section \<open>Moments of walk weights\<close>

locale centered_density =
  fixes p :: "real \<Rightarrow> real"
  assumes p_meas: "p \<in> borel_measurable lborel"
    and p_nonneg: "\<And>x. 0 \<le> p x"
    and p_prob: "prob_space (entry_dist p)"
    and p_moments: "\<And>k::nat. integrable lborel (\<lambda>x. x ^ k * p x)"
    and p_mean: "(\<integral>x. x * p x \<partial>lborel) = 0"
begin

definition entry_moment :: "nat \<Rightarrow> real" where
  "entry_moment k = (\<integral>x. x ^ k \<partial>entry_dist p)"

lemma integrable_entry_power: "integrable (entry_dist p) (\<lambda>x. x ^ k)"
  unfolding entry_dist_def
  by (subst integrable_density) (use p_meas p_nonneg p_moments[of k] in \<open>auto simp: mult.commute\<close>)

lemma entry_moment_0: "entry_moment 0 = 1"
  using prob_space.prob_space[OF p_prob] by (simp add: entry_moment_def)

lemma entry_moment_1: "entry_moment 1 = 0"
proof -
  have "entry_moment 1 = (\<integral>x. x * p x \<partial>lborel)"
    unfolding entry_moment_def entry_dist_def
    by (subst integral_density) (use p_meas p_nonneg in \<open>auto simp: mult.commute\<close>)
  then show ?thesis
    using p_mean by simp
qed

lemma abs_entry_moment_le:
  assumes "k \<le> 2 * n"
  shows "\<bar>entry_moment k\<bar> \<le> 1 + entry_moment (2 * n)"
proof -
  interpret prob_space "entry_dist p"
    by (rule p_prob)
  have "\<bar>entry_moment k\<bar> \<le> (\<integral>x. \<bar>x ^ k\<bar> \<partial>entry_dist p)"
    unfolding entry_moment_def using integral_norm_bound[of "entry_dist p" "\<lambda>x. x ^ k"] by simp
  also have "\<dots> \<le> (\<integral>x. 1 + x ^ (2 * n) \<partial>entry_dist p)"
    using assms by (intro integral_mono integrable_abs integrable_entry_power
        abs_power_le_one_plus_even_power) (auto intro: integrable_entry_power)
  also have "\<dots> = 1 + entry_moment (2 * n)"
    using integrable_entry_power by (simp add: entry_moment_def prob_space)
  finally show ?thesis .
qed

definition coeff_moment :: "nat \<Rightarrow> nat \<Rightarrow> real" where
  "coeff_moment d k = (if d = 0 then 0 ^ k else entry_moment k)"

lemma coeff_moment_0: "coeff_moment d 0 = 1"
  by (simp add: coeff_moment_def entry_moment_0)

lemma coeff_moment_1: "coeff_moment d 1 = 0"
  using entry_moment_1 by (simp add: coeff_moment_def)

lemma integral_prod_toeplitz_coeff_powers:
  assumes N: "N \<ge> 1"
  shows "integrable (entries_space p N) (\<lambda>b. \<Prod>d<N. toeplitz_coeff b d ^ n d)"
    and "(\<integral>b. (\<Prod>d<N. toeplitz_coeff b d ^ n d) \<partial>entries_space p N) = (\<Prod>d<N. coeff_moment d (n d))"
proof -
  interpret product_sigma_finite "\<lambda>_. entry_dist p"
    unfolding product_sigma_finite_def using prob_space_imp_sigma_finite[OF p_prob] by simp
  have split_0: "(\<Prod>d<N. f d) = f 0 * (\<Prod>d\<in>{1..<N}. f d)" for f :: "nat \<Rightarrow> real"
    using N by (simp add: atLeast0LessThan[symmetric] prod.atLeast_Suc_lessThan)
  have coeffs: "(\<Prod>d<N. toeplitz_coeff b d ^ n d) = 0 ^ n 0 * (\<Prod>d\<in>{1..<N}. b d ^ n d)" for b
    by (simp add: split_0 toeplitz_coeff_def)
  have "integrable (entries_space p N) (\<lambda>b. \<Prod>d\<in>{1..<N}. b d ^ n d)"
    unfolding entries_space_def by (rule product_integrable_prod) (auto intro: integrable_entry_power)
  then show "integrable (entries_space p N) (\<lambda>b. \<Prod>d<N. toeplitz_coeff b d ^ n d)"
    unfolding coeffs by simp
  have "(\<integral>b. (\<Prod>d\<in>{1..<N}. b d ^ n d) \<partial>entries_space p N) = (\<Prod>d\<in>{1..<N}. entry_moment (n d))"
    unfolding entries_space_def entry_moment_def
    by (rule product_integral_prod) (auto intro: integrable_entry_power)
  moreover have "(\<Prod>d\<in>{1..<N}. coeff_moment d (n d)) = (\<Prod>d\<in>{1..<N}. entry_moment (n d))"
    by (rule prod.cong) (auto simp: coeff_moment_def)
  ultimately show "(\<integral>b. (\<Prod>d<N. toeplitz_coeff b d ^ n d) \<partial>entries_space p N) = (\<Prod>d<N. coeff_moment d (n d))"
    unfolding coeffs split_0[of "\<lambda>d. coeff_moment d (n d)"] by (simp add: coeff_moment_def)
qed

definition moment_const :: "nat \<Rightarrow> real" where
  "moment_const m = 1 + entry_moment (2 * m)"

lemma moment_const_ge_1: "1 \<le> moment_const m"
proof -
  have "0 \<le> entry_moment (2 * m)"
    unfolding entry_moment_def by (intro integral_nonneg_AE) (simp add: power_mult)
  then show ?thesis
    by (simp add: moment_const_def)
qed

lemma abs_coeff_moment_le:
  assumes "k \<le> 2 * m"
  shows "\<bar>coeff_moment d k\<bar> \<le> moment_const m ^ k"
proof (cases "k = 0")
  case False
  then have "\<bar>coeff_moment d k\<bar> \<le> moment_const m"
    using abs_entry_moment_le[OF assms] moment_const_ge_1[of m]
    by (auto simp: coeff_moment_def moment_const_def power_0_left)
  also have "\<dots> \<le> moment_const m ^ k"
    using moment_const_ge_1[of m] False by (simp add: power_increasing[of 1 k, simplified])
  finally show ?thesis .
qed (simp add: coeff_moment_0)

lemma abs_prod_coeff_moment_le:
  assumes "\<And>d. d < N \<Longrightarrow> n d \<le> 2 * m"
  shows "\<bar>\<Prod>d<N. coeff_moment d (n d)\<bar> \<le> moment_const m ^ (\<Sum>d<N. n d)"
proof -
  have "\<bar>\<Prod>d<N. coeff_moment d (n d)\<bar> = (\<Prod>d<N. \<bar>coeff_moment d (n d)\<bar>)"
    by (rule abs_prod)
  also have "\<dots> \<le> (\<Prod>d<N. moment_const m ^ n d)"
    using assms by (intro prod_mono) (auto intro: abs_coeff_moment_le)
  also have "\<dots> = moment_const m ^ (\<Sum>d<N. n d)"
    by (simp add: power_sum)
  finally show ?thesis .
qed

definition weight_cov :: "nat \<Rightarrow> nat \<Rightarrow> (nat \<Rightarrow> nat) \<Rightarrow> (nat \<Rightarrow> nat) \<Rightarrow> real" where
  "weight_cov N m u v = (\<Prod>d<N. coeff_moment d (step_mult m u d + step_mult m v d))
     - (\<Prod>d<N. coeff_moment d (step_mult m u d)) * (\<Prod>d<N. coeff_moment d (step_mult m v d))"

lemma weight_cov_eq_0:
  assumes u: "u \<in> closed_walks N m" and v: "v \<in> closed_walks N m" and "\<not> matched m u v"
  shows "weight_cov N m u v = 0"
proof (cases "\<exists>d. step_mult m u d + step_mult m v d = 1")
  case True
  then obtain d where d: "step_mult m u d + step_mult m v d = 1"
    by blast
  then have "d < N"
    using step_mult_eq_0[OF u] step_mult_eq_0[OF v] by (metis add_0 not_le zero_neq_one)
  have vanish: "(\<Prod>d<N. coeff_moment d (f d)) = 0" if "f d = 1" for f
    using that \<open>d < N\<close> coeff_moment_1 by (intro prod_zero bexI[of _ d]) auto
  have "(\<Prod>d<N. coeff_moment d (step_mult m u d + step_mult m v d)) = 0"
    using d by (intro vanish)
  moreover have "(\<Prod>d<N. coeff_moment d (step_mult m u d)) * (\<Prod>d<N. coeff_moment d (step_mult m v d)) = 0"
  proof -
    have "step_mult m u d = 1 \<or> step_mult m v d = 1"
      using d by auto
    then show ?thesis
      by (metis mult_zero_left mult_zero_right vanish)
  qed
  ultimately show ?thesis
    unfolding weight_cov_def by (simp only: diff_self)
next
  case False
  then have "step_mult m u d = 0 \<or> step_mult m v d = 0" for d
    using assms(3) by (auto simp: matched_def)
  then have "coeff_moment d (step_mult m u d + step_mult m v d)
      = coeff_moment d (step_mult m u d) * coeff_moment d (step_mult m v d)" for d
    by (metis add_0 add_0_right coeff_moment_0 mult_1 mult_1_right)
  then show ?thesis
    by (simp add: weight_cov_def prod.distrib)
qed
--
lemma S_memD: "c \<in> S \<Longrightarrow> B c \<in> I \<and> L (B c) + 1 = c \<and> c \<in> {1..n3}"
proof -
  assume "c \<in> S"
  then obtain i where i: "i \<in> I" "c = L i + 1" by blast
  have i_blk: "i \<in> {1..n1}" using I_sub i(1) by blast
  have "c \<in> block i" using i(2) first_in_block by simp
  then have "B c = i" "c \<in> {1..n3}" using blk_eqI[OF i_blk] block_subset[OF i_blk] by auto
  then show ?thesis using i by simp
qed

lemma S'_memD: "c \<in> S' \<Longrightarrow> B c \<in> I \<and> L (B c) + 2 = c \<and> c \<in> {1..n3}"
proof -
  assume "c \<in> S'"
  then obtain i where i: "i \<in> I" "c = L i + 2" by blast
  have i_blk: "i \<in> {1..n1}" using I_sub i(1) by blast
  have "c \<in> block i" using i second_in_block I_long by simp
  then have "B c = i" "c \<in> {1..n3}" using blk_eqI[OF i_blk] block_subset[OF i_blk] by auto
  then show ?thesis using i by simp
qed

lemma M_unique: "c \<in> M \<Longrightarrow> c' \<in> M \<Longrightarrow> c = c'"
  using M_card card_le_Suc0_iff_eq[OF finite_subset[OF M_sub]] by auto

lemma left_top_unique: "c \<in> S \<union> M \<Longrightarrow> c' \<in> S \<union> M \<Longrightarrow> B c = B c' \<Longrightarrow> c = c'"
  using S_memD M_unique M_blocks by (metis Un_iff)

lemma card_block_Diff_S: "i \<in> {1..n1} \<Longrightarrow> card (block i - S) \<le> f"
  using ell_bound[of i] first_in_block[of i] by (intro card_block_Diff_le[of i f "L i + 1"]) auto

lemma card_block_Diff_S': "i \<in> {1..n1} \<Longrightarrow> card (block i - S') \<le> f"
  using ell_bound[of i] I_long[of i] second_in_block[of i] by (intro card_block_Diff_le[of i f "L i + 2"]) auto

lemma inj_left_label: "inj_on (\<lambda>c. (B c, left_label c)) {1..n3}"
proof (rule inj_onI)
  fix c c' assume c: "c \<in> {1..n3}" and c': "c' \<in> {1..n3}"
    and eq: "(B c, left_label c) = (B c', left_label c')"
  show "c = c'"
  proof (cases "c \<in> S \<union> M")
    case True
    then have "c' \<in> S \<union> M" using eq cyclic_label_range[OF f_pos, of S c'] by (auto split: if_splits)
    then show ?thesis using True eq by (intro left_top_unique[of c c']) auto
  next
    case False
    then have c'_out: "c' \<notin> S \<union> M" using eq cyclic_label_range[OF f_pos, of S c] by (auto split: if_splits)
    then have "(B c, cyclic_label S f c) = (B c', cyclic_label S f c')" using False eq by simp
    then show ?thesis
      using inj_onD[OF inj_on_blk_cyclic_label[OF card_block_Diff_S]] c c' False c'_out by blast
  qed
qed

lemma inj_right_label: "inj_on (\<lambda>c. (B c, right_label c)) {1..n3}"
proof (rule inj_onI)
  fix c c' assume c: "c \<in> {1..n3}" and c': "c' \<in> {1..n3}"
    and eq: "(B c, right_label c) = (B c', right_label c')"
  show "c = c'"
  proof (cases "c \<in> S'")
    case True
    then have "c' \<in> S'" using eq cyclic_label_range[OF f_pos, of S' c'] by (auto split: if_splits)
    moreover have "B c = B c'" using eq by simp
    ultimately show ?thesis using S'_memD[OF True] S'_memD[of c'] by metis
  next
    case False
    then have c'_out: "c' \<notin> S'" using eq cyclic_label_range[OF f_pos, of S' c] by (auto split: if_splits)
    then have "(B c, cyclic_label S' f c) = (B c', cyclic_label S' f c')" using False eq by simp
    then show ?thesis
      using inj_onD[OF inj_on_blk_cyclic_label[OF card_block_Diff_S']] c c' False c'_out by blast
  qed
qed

ABOUT THIS TASK: Which lines of the data contain the string "interpret"? Copy each of them.

SOLUTION TO THIS PROBLEM:
  interpret prob_space "entry_dist p"
  interpret product_sigma_finite "\<lambda>_. entry_dist p"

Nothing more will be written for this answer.